Mortgage protection insurance is a type of term life insurance. If you've heard of decreasing life cover, you've probably heard of mortgage protection insurance – it's another name for the same product.
Usually, over time, your mortgage goes down. If you have a smaller mortgage, you need less cover – so mortgage protection cover also decreases over time. That's why it's also known as decreasing life cover.
How does mortgage protection insurance work?
The purpose of mortgage protection insurance is to protect the asset you have a loan on – your home. So, if you were to pass away before you finished paying off your mortgage and during the policy term, your loved ones would be able to continue living in the home, because the insurance would help pay off the rest of the loan 1.
With this sort of policy, you pay the same premiums for the policy term, and the value of your policy gradually reduces until it reaches £0 once the policy expires – and decreases in line with your mortgage (or other repayment loan).
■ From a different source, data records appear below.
lemma colMJ_eigenvector:
  assumes e: "e \<in> pairs9"
  shows "adjA (colMJ e) = (\<lambda>P. -12 * colMJ e P)"
proof
  fix P
  show "adjA (colMJ e) P = -12 * colMJ e P"
  proof (cases "P \<in> parts333")
    case True
    from e obtain i j where ij: "e = {i, j}" "i \<in> {1..9}" "j \<in> {1..9}" "i \<noteq> j"
      by (rule pairs9E)
    obtain L where L: "bij_betw L {1..9} {1..9}" and P: "image L ` standard_partition = P"
      and ij_L: "{i, j} = L ` {1, 2} \<or> {i, j} = L ` {1, 4}"
      by (rule parts333_standard_labelling[OF True ij(2-4)])
    obtain e0 where e0: "e0 = {1, 2} \<or> e0 = {1, 4}" and e_eq: "e = L ` e0"
      using ij_L ij(1) by blast
    have inj: "inj_on L {1..9}" using L by (simp add: bij_betw_def)
    have e0_sub: "e0 \<subseteq> {1..9}" using e0 by auto
    let ?N = "{Q\<in>parts333. adj333 standard_partition Q}"
    have "?N \<subseteq> Pow (Pow {1..9})" using parts333D(1) by blast
    then have inj_relabel: "inj_on (image (image L)) ?N"
      by (rule inj_on_subset[OF inj_on_image_Pow[OF inj_on_image_Pow[OF inj]]])
    have "adjA (colMJ e) P = (\<Sum>Q\<in>{Q\<in>parts333. adj333 P Q}. Mentry Q e - 1/4)"
      using True by (auto simp: adjA_def colMJ_def intro!: sum.cong)
    also have "\<dots> = (\<Sum>Q\<in>?N. Mentry (image L ` Q) (L ` e0) - 1/4)"
      unfolding P[symmetric] neighbours_relabel[OF L standard_partition_in_parts333] e_eq
      by (simp add: sum.reindex[OF inj_relabel])
    also have "\<dots> = (\<Sum>Q\<in>?N. Mentry Q e0 - 1/4)"
      using Mentry_relabel[OF inj _ e0_sub] by simp
    also have "\<dots> = -12 * (Mentry standard_partition e0 - 1/4)"
      using e0 standard_neighbours_Mentry_12 standard_neighbours_Mentry_14 by auto
    also have "\<dots> = -12 * colMJ e P"
      using True Mentry_relabel[OF inj standard_partition_in_parts333 e0_sub]
      by (simp add: colMJ_def P e_eq)
    finally show ?thesis .
  qed (simp add: adjA_def colMJ_def)
qed

section \<open>The span of the columns\<close>

interpretation V: vector_space "\<lambda>(r::real) (f::nat set set \<Rightarrow> real) x. r * f x"
  by unfold_locales (auto simp: fun_eq_iff algebra_simps)

lemma sum_fun_apply: "(\<Sum>a\<in>A. f a) x = (\<Sum>a\<in>A. f a x)"
  by (induct A rule: infinite_finite_induct) auto

lemma Mentry_eq_sum_cells:
  assumes P: "P \<in> parts333" and e: "e \<in> pairs9"
  shows "Mentry P e = (\<Sum>c\<in>P. if e \<subseteq> c then 1 else 0)"
proof (cases "\<exists>c\<in>P. e \<subseteq> c")
  case True
  then obtain c where c: "c \<in> P" "e \<subseteq> c" by blast
  have "e \<noteq> {}" using e unfolding pairs9_def by auto
  then have "d \<in> P \<Longrightarrow> e \<subseteq> d \<longleftrightarrow> d = c" for d
    using c parts333D(4)[OF P, of c d] by blast
  then have "(\<Sum>d\<in>P. if e \<subseteq> d then 1 else 0) = (\<Sum>d\<in>P. if d = c then 1 else (0::real))"
    by (intro sum.cong) auto
  also have "\<dots> = 1"
    using c(1) parts333D(2)[OF P] by (simp add: card_ge_0_finite)
  finally show ?thesis using True unfolding Mentry_def by simp
qed (auto simp: Mentry_def)

lemma sum_pairs9_Mentry:
  assumes "P \<in> parts333"
  shows "(\<Sum>e\<in>pairs9. x e * Mentry P e) = (\<Sum>c\<in>P. \<Sum>e\<in>{e\<in>pairs9. e \<subseteq> c}. x e)"
proof -
  have "(\<Sum>e\<in>pairs9. x e * Mentry P e) = (\<Sum>e\<in>pairs9. \<Sum>c\<in>P. if e \<subseteq> c then x e else 0)"
    using assms by (auto simp: Mentry_eq_sum_cells sum_distrib_left intro!: sum.cong)
  also have "\<dots> = (\<Sum>c\<in>P. \<Sum>e\<in>{e\<in>pairs9. e \<subseteq> c}. x e)"
    by (subst sum.swap) (simp add: sum.inter_filter pairs9_finite)
  finally show ?thesis .
qed

lemma pairs9_in_triple:
  assumes "{a, b, c} \<subseteq> {1..9}" "a \<noteq> b" "a \<noteq> c" "b \<noteq> c"
  shows "{e\<in>pairs9. e \<subseteq> {a, b, c}} = {{a, b}, {a, c}, {b, c}}"
proof
  show "{e\<in>pairs9. e \<subseteq> {a, b, c}} \<subseteq> {{a, b}, {a, c}, {b, c}}"
    by (auto elim!: pairs9E simp: doubleton_eq_iff)
  show "{{a, b}, {a, c}, {b, c}} \<subseteq> {e\<in>pairs9. e \<subseteq> {a, b, c}}"
    using assms by (auto simp: pairs9_doubleton)
qed

lemma sum_pairs9_in_triple:
  assumes "{a, b, c} \<subseteq> {1..9}" "a \<noteq> b" "a \<noteq> c" "b \<noteq> c"
  shows "(\<Sum>e\<in>{e\<in>pairs9. e \<subseteq> {a, b, c}}. x e) = x {a, b} + x {a, c} + x {b, c}"
  using assms by (simp add: pairs9_in_triple doubleton_eq_iff add.assoc)

lemma sum_pairs9_Mentry_triple:
  assumes "A \<union> B \<union> C = {1..9}" "card A = 3" "card B = 3" "card C = 3"
    and "A \<inter> B = {}" "A \<inter> C = {}" "B \<inter> C = {}"
  shows "(\<Sum>e\<in>pairs9. x e * Mentry {A, B, C} e)
    = (\<Sum>e\<in>{e\<in>pairs9. e \<subseteq> A}. x e) + (\<Sum>e\<in>{e\<in>pairs9. e \<subseteq> B}. x e)
      + (\<Sum>e\<in>{e\<in>pairs9. e \<subseteq> C}. x e)"
proof -
  have "A \<noteq> {}" "B \<noteq> {}" "C \<noteq> {}" using assms(2-4) by auto
  then have "A \<noteq> B" "A \<noteq> C" "B \<noteq> C" using assms(5-7) by auto
  then show ?thesis
    by (simp add: sum_pairs9_Mentry[OF parts333I[OF assms(1-7)]] add.assoc)
qed

lemma Mentry_row_sum:
  assumes P: "P \<in> parts333"
  shows "(\<Sum>e\<in>pairs9. Mentry P e) = 9"
proof -
  have "(\<Sum>e\<in>{e\<in>pairs9. e \<subseteq> c}. 1) = (3::real)" if c: "c \<in> P" for c
  proof -
    obtain a b d where abd: "c = {a, b, d}" "a \<noteq> b" "b \<noteq> d" "a \<noteq> d"
      using parts333D(3)[OF P c] card_3_iff by metis
    have "c \<subseteq> {1..9}" using c parts333D(1)[OF P] by blast
    with abd show ?thesis by (simp add: pairs9_in_triple doubleton_eq_iff)
  qed
  then have "(\<Sum>e\<in>pairs9. 1 * Mentry P e) = (\<Sum>c\<in>P. 3)"
    unfolding sum_pairs9_Mentry[OF P] by (intro sum.cong) auto
  then show ?thesis using parts333D(2)[OF P] by simp
qed

lemma sum_colMJ_pairs9: "(\<Sum>e\<in>pairs9. colMJ e) = 0"
proof
  fix P
  show "(\<Sum>e\<in>pairs9. colMJ e) P = 0 P"
    by (cases "P \<in> parts333")
      (simp_all add: sum_fun_apply colMJ_def sum_subtractf Mentry_row_sum card_pairs9)
qed

lemma Mentry_star_sum:
  assumes P: "P \<in> parts333" and i: "i \<in> {1..9}"
  shows "(\<Sum>j\<in>{1..9}-{i}. Mentry P {i, j}) = 2"
proof -
  obtain c where c: "c \<in> P" "i \<in> c" using i parts333D(1)[OF P] by blast
  have "c \<subseteq> {1..9}" using c parts333D(1)[OF P] by blast
  then have "({1..9}-{i}) \<inter> c = c - {i}" by blast
  moreover have "card (c - {i}) = 2"
    using parts333D(3)[OF P c(1)] c(2) by (simp add: card_ge_0_finite)
  ultimately show ?thesis
    by (simp add: Mentry_cell[OF P c] sum.If_cases)
qed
A benefit of decreasing cover, as opposed to level or increasing cover, is that the value of the policy is enough to repay the loan, and the premium is usually lower than for other types of cover.
Although people may think of decreasing cover as mortgage protection insurance or mortgage life insurance because the benefit is often used to pay off a mortgage, your loved ones can use the money for other living expenses.
Do I need mortgage protection insurance?
If you have a mortgage, it's a good idea to have some type of life insurance in place. What type of life insurance is right for you depends on your circumstances. Take time to consider how much your loved ones might need to cover mortgage repayments if you were to pass away.
A study from Aviva reveals that just 58% of mortgage holders have life insurance. Even fewer have critical illness cover (28%) or Income Protection Insurance (12%), which provide financial support if you are diagnosed with an illness that's covered by the policy, or if you're unable to work 2. Many people believe they can't afford life insurance, but it's possible to get life insurance from just £5 a month, which is less than the cost of two take away coffees.